The first sequence is gripping in its depictions of the damage done to Hiroshima, the city and the people. Employing newsreel footage, Resnais lays bare the terrible burns, deformities and destruction wrought upon Hiroshima in a way that must have been new and shocking to American audiences at the time. Interestingly, the film never mentions that it was the United States that dropped the bomb or that similar destruction befell Nagasaki. I wonder if this film contributed to the fact that whenever the use of atomic/nuclear weapons is brought up, it is invariably Hiroshima that is evoked and not Nagasaki.
For me, the key moment of the film is when Liu asks Elle what she thought when she first heard of the bombing of Hiroshima. He was off fighting in the war, while his entire family perished. He's astonished to realize that most of the world celebrated the destruction of Hiroshima, since it marked the end of the war.

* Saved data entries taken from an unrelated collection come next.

(* Let $k$ be a field and $\Gamma\subset SL(2,k)$ a subgroup containing an element whose eigenvalues (in $\overline k$) have infinite order in $\overline k^{*}$. Then $\Gamma$ is Zariski-dense in $SL(2)$ if and only if there exist $\alpha,\beta\in\Gamma$ such that $$\mathrm{Tr}(\alpha^2\beta^2\alpha^2\beta^2)-\mathrm{Tr}(\alpha^4\beta^4)\neq 0.$$ *)

theory Defs
  imports "HOL-Analysis.Analysis" "HOL-Algebra.Algebraic_Closure_Type"
begin

definition SL2 :: "(('k::field)^2^2) set" where
  "SL2 = {A. det A = 1}"

definition subgroup_SL2 :: "(('k::field)^2^2) set \<Rightarrow> bool" where
  "subgroup_SL2 G \<longleftrightarrow> G \<subseteq> SL2 \<and> mat 1 \<in> G \<and>
     (\<forall>a\<in>G. \<forall>b\<in>G. a ** b \<in> G) \<and> (\<forall>a\<in>G. \<exists>b\<in>G. a ** b = mat 1)"

primrec mpow :: "('k::semiring_1)^'n^'n \<Rightarrow> nat \<Rightarrow> 'k^'n^'n" where
  "mpow A 0 = mat 1"
| "mpow A (Suc n) = A ** mpow A n"

definition ac_mat :: "('k::field)^2^2 \<Rightarrow> 'k alg_closure^2^2" where
  "ac_mat A = (\<chi> i j. to_ac (A $ i $ j))"

definition eigenvalue_ac :: "('k::field)^2^2 \<Rightarrow> 'k alg_closure \<Rightarrow> bool" where
  "eigenvalue_ac A x \<longleftrightarrow> det (ac_mat A - mat x) = 0"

In her far less compelling section, Elle talks about the loss of her German lover and how the entire town ostracized her. Her hair was shorn off and her own parents locked her in the basement, where she went mad. Her primary regret is not the pain or the abandonment by her family, but the slow, gradual yet inexorable loss of the memory of her first love. In her narration, Elle tells Liu she knows she is destined to repeat this loss with him.
Impressive but not engaging, "Hiroshima mon amour" is a memorable film about forgetting.